With the trend in outsourcing moving full-steam ahead, many suppliers now have entire divisions dedicated to providing these services to their OEM clients. Program managers are commonly assigned to each project. They assemble a right-sized team whose skills match the task at hand. For example, at Single Iteration, such a team could be made up of people from either its dedicated staff or from technology experts within the various Watlow product centers, explains Derler.

“Even with skilled technical staff, companies may need to flex their workforce depending upon the work load,” says Derler. “They can either choose to hire and deal with the transitional issues of getting an employee acclimated, or they can off-load some of the work to an outside specialty service provider.”

Derler explains that off-loading such work is the ultimate mechanism for companies to accommodate changing work flows without adding permanent staff. “This is tantamount to, ‘Get an expert when you need one, send them home when you don’t,’” he says.

When medical device companies look at this type of outsourcing, they should consider exactly what they want to achieve. Derler says that in the case of Watlow’s Single Iteration division, device companies often use such services because they are seeking an unbiased third party to provide innovative approaches to thermal system challenges.

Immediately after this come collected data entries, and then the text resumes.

(* For $n\geq 5$, in the Waiter-Client game on $K_n$, Waiter can force Client to build a red Hamilton path within $n-1$ rounds such that one of its endpoints is incident with at most two blue edges.
   Context: Waiter-Client game on $K_n$: in each round Waiter offers two free edges of $K_n$, Client colors one of them red and the other becomes blue. *)

theory Defs
  imports Main
begin

definition Kn_edges :: "nat \<Rightarrow> nat set set" where
  "Kn_edges n = {e. \<exists>u v. u < n \<and> v < n \<and> u \<noteq> v \<and> e = {u, v}}"

definition ham_path_in :: "nat \<Rightarrow> nat set set \<Rightarrow> nat list \<Rightarrow> bool" where
  "ham_path_in n R vs \<longleftrightarrow> distinct vs \<and> set vs = {..<n} \<and>
     (\<forall>i. Suc i < length vs \<longrightarrow> {vs ! i, vs ! Suc i} \<in> R)"

definition deg_in :: "nat set set \<Rightarrow> nat \<Rightarrow> nat" where
  "deg_in B v = card {e \<in> B. v \<in> e}"

definition goal :: "nat \<Rightarrow> nat set set \<Rightarrow> nat set set \<Rightarrow> bool" where
  "goal n R B \<longleftrightarrow> (\<exists>vs. ham_path_in n R vs \<and>
      (deg_in B (hd vs) \<le> 2 \<or> deg_in B (last vs) \<le> 2))"

text \<open>In each round Waiter offers two distinct free edges; Client colours one red, the other blue.\<close>
fun waiter_wins :: "nat \<Rightarrow> nat \<Rightarrow> nat set set \<Rightarrow> nat set set \<Rightarrow> bool" where
  "waiter_wins n 0 R B = goal n R B"
| "waiter_wins n (Suc k) R B = (goal n R B \<or>
     (\<exists>e1 e2. e1 \<in> Kn_edges n \<and> e2 \<in> Kn_edges n \<and> e1 \<noteq> e2 \<and>
        e1 \<notin> R \<union> B \<and> e2 \<notin> R \<union> B \<and>
        waiter_wins n k (insert e1 R) (insert e2 B) \<and>
        waiter_wins n k (insert e2 R) (insert e1 B)))"

end

theory Submission
  imports Defs
begin

text \<open>After two rounds centred at vertex 1 the red edges form a path on three vertices, and both
  blue edges meet its middle vertex. From then on Waiter always picks a vertex x off the red path
  and offers the two edges joining x to the endpoints of the path. Whichever edge Client colours
  red extends the path by x, and the blue edge then lies inside the path. Hence every vertex off
  the path keeps blue degree at most 1, and the vertex added in the last round is an endpoint of
  the red Hamilton path with blue degree at most 2.\<close>

lemma Kn_edgesI: "u < n \<Longrightarrow> v < n \<Longrightarrow> u \<noteq> v \<Longrightarrow> {u, v} \<in> Kn_edges n"
  unfolding Kn_edges_def by blast

lemma waiter_wins_SucI:
  assumes "e1 \<in> Kn_edges n" "e2 \<in> Kn_edges n" "e1 \<noteq> e2" "e1 \<notin> R \<union> B" "e2 \<notin> R \<union> B"
    and "waiter_wins n k (insert e1 R) (insert e2 B)"
    and "waiter_wins n k (insert e2 R) (insert e1 B)"
  shows "waiter_wins n (Suc k) R B"
  using assms by auto

lemma deg_in_insert_le: "deg_in (insert e B) v \<le> Suc (deg_in B v)"
proof -
  have "{f \<in> insert e B. v \<in> f} = (if v \<in> e then insert e {f \<in> B. v \<in> f} else {f \<in> B. v \<in> f})"
    by auto
  then show ?thesis unfolding deg_in_def by (simp add: card_insert_le_m1)
qed

lemma deg_in_insert_notin: "v \<notin> e \<Longrightarrow> deg_in (insert e B) v = deg_in B v"
  unfolding deg_in_def by (metis insert_iff)

lemma ham_path_in_iff:
  "ham_path_in n R vs \<longleftrightarrow>
     distinct vs \<and> set vs = {..<n} \<and> successively (\<lambda>u v. {u, v} \<in> R) vs"
  unfolding ham_path_in_def successively_conv_nth ..

lemma set_eq_lessThan_if_distinct:
  assumes "distinct vs" "length vs = n" "set vs \<subseteq> {..<n}"
  shows "set vs = {..<n}"
  using assms by (simp add: card_subset_eq distinct_card)

lemma ex_less_notin_set:
  assumes "length vs < n"
  obtains x where "x < n" "x \<notin> set vs"
proof -
  have "card (set vs) < card {..<n}" using assms card_length[of vs] by simp
  then have "\<not> {..<n} \<subseteq> set vs" by (meson card_mono finite_set not_le)
  then show ?thesis using that by auto
qed

definition inner_vertices :: "'a list \<Rightarrow> 'a set" where
  "inner_vertices vs = set vs - {hd vs, last vs}"

lemma inner_vertices_rev [simp]: "inner_vertices (rev vs) = inner_vertices vs"
  by (cases "vs = []") (auto simp: inner_vertices_def hd_rev last_rev)

text \<open>The blue condition guarantees that every edge from an endpoint of the path to a vertex
  off the path is still free.\<close>

definition red_path_position :: "nat \<Rightarrow> nat list \<Rightarrow> nat set set \<Rightarrow> nat set set \<Rightarrow> bool" where
  "red_path_position n vs R B \<longleftrightarrow>
     distinct vs \<and> 2 \<le> length vs \<and> set vs \<subseteq> {..<n} \<and>
     successively (\<lambda>u v. {u, v} \<in> R) vs \<and> (\<forall>e\<in>R. e \<subseteq> set vs) \<and>
     (\<forall>e\<in>B. e \<subseteq> set vs \<or> e \<inter> inner_vertices vs \<noteq> {}) \<and>
     (\<forall>v. v \<notin> set vs \<longrightarrow> deg_in B v \<le> 1)"

lemma red_path_position_rev [simp]:
  "red_path_position n (rev vs) R B \<longleftrightarrow> red_path_position n vs R B"
  by (simp add: red_path_position_def insert_commute)

lemma red_path_position_endpoints:
  assumes "red_path_position n vs R B"
  shows "vs \<noteq> []" "hd vs \<in> set vs" "last vs \<in> set vs" "hd vs \<noteq> last vs"
proof -
  have "distinct vs" "2 \<le> length vs" using assms unfolding red_path_position_def by auto
  then show "vs \<noteq> []" "hd vs \<in> set vs" "last vs \<in> set vs" "hd vs \<noteq> last vs"
    by (cases vs; auto)+
qed

lemma red_path_position_endpoint_edge_free:
  assumes "red_path_position n vs R B" "x \<notin> set vs" "v \<in> {hd vs, last vs}"
  shows "{x, v} \<notin> R \<union> B"
  using assms unfolding red_path_position_def inner_vertices_def by auto

lemma red_path_position_Cons:
  assumes pos: "red_path_position n vs R B" and x: "x < n" "x \<notin> set vs"
  shows "red_path_position n (x # vs) (insert {x, hd vs} R) (insert {x, last vs} B)"
proof -
  note ends = red_path_position_endpoints[OF pos]
  have "inner_vertices vs \<subseteq> inner_vertices (x # vs)"
    using x(2) ends unfolding inner_vertices_def by auto
  moreover have "\<forall>e\<in>B. e \<subseteq> set vs \<or> e \<inter> inner_vertices vs \<noteq> {}"
    using pos unfolding red_path_position_def by blast
  ultimately have "\<forall>e\<in>insert {x, last vs} B. e \<subseteq> set (x # vs) \<or> e \<inter> inner_vertices (x # vs) \<noteq> {}"
    using ends(3) by auto
  moreover have "deg_in (insert {x, last vs} B) v = deg_in B v" if "v \<notin> set (x # vs)" for v
    using that ends by (intro deg_in_insert_notin) auto
  moreover have "successively (\<lambda>u v. {u, v} \<in> R) vs
    \<Longrightarrow> successively (\<lambda>u v. {u, v} \<in> insert {x, hd vs} R) (x # vs)"
    using ends by (auto simp: successively_Cons elim: successively_mono)
  ultimately show ?thesis
    using pos x ends unfolding red_path_position_def by (intro conjI; auto)
qed

lemma red_path_position_snoc:
  assumes pos: "red_path_position n vs R B" and x: "x < n" "x \<notin> set vs"
  shows "red_path_position n (vs @ [x]) (insert {x, last vs} R) (insert {x, hd vs} B)"
proof -
  have "red_path_position n (x # rev vs) (insert {x, last vs} R) (insert {x, hd vs} B)"
    using red_path_position_Cons[of n "rev vs" R B x] pos x red_path_position_endpoints(1)[OF pos]
    by (simp add: hd_rev last_rev)
  then show ?thesis
    by (metis red_path_position_rev rev.simps(2) rev_rev_ident)
qed

lemma goal_if_spanning_red_path:
  assumes "red_path_position n vs R B" "length vs = n"
    and "deg_in B (hd vs) \<le> 2 \<or> deg_in B (last vs) \<le> 2"
  shows "goal n R B"
proof -
  have "ham_path_in n R vs"
    using assms(1,2) set_eq_lessThan_if_distinct[of vs n]
    unfolding ham_path_in_iff red_path_position_def by simp
  then show ?thesis using assms(3) unfolding goal_def by blast
qed

lemma waiter_extends_red_path:
  assumes pos: "red_path_position n vs R B" and x: "x < n" "x \<notin> set vs"
    and win: "\<And>vs' R' B'. red_path_position n vs' R' B' \<Longrightarrow> length vs' = Suc (length vs) \<Longrightarrow>
      x \<in> {hd vs', last vs'} \<Longrightarrow> deg_in B' x \<le> 2 \<Longrightarrow> waiter_wins n k R' B'"
  shows "waiter_wins n (Suc k) R B"
proof (rule waiter_wins_SucI)
  note ends = red_path_position_endpoints[OF pos]
  have "hd vs < n" "last vs < n"
    using pos ends(2,3) unfolding red_path_position_def by (meson lessThan_iff subsetD)+
  then show "{x, hd vs} \<in> Kn_edges n" "{x, last vs} \<in> Kn_edges n" "{x, hd vs} \<noteq> {x, last vs}"
    using x ends by (auto intro!: Kn_edgesI simp: doubleton_eq_iff)
  show "{x, hd vs} \<notin> R \<union> B" "{x, last vs} \<notin> R \<union> B"
    using red_path_position_endpoint_edge_free[OF pos x(2)] by auto
  have deg: "deg_in (insert e B) x \<le> 2" for e
    using pos x(2) deg_in_insert_le[of e B x] unfolding red_path_position_def by fastforce
  show "waiter_wins n k (insert {x, hd vs} R) (insert {x, last vs} B)"
    using win[OF red_path_position_Cons[OF pos x]] deg by simp
  show "waiter_wins n k (insert {x, last vs} R) (insert {x, hd vs} B)"
    using win[OF red_path_position_snoc[OF pos x]] deg by simp
qed

lemma waiter_completes_red_path:
  assumes "red_path_position n vs R B" "length vs + Suc k = n"
  shows "waiter_wins n (Suc k) R B"
  using assms
proof (induction k arbitrary: vs R B)
  case 0
  have "length vs < n" using "0.prems"(2) by simp
  then obtain x where x: "x < n" "x \<notin> set vs" by (rule ex_less_notin_set)
  show ?case
  proof (rule waiter_extends_red_path[OF "0.prems"(1) x])
    fix vs' R' B'
    assume "red_path_position n vs' R' B'" "length vs' = Suc (length vs)"
      and "x \<in> {hd vs', last vs'}" "deg_in B' x \<le> 2"
    then show "waiter_wins n 0 R' B'"
      using "0.prems"(2) goal_if_spanning_red_path[of n vs' R' B'] by auto
  qed
next
  case (Suc k)
  have "length vs < n" using Suc.prems(2) by simp
  then obtain x where x: "x < n" "x \<notin> set vs" by (rule ex_less_notin_set)
  show ?case
    by (rule waiter_extends_red_path[OF Suc.prems(1) x]) (use Suc in auto)
qed

lemma red_path_position_cherry:
  assumes "distinct [a, b, c]" "a < n" "b < n" "c < n"
  shows "red_path_position n [a, b, c] {{b, c}, {b, a}} {{b, d}, {b, r}}"
proof -
  have "b \<in> inner_vertices [a, b, c]" using assms(1) by (simp add: inner_vertices_def)
  moreover have "deg_in {{b, d}, {b, r}} v \<le> 1" if "v \<notin> set [a, b, c]" for v
  proof -
    have "{e \<in> {{b, d}, {b, r}}. v \<in> e} \<subseteq> {{b, v}}" using that by auto
    then show ?thesis unfolding deg_in_def by (metis card_mono finite.intros is_singletonI
          is_singleton_altdef)
  qed
  ultimately show ?thesis
    using assms unfolding red_path_position_def by (auto simp: insert_commute)
qed

lemma waiter_wins_after_first_round:
  assumes n: "5 \<le> n" and ar: "a \<in> {0, 2}" "r \<in> {0, 2}"
  shows "waiter_wins n (Suc (Suc (n - 4))) {{1, a}} {{1, r}}"
proof (rule waiter_wins_SucI)
  show "{1, 3} \<in> Kn_edges n" "{1, 4} \<in> Kn_edges n" using n by (auto intro: Kn_edgesI)
  show "{1::nat, 3} \<noteq> {1, 4}" "{1::nat, 3} \<notin> {{1, a}} \<union> {{1, r}}"
    "{1::nat, 4} \<notin> {{1, a}} \<union> {{1, r}}"
    using ar by (auto simp: doubleton_eq_iff)
  have "waiter_wins n (Suc (n - 4)) (insert {1, c} {{1, a}}) (insert {1, d} {{1, r}})"
    if "c \<in> {3, 4}" for c d :: nat
  proof (rule waiter_completes_red_path)
    show "red_path_position n [a, 1, c] (insert {1, c} {{1, a}}) (insert {1, d} {{1, r}})"
      using that n ar by (intro red_path_position_cherry) auto
    show "length [a, 1, c] + Suc (n - 4) = n" using n by simp
  qed
  then show "waiter_wins n (Suc (n - 4)) (insert {1, 3} {{1, a}}) (insert {1, 4} {{1, r}})"
    "waiter_wins n (Suc (n - 4)) (insert {1, 4} {{1, a}}) (insert {1, 3} {{1, r}})"
    by simp_all
qed

theorem lemma3p1:
  fixes n :: nat
  assumes "n \<ge> 5"
  shows "waiter_wins n (n - 1) {} {}"
proof -
  have "waiter_wins n (Suc (Suc (Suc (n - 4)))) {} {}"
  proof (rule waiter_wins_SucI)
    show "{1, 0} \<in> Kn_edges n" "{1, 2} \<in> Kn_edges n" using assms by (auto intro: Kn_edgesI)
    show "{1::nat, 0} \<noteq> {1, 2}" by (simp add: doubleton_eq_iff)
    show "waiter_wins n (Suc (Suc (n - 4))) (insert {1, 0} {}) (insert {1, 2} {})"
      "waiter_wins n (Suc (Suc (n - 4))) (insert {1, 2} {}) (insert {1, 0} {})"
      by (rule waiter_wins_after_first_round; use assms in simp)+
  qed simp_all
  moreover have "n - 1 = Suc (Suc (Suc (n - 4)))" using assms by simp
  ultimately show ?thesis by simp
qed

end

In addition, companies can establish the efficacy of an idea through the use of the consulting group’s computational engineering tools. The outsourcing arm of Watlow maintains an extensive infrastructure of mathematical tools such as finite-element analysis and computational fluid dynamics. Clients can access these tools—and people skilled in using them—to see whether an idea can be simulated on the computer before any expensive prototyping effort is done.

Such services definitely stretch beyond traditional customer service functions. For a component manufacturer, says Derler, traditional customer service is typically associated with minor modifications to an existing product configuration. When the supplier acts as consultant, the service helps a company assess a project, identify objectives, and achieve its goals.